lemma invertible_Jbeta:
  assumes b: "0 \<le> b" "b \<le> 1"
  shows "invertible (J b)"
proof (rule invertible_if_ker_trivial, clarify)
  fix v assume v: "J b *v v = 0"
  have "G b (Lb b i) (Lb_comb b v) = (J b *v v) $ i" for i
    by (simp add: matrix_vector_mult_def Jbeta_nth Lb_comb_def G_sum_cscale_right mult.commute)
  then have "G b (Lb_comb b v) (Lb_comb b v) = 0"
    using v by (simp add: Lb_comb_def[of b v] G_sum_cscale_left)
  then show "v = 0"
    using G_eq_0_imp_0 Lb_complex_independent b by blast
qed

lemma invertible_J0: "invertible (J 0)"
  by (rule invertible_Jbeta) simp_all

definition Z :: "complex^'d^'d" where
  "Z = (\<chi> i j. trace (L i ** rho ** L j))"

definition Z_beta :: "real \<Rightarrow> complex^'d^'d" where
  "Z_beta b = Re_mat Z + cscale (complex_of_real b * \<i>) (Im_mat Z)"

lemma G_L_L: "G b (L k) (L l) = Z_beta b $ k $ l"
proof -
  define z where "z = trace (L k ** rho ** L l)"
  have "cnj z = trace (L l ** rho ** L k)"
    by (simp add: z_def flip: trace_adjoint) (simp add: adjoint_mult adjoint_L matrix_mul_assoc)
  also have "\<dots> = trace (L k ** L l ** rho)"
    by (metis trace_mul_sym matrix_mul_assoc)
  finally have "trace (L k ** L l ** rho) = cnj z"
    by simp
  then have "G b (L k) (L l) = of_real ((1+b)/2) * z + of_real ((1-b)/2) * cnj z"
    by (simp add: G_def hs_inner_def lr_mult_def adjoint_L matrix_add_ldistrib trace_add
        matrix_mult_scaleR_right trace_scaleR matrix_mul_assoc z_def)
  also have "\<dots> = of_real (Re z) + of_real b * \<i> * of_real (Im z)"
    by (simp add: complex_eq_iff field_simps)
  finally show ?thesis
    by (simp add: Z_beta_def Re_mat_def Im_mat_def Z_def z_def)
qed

> **Exercise aim**:
Reproduce, line for line, the material, starting at its first line, and end once the line holding "by (simp add: matrix_vector_mult_def" has been output.

> **Task result**:
lemma invertible_Jbeta:
  assumes b: "0 \<le> b" "b \<le> 1"
  shows "invertible (J b)"
proof (rule invertible_if_ker_trivial, clarify)
  fix v assume v: "J b *v v = 0"
  have "G b (Lb b i) (Lb_comb b v) = (J b *v v) $ i" for i
    by (simp add: matrix_vector_mult_def Jbeta_nth Lb_comb_def G_sum_cscale_right mult.commute)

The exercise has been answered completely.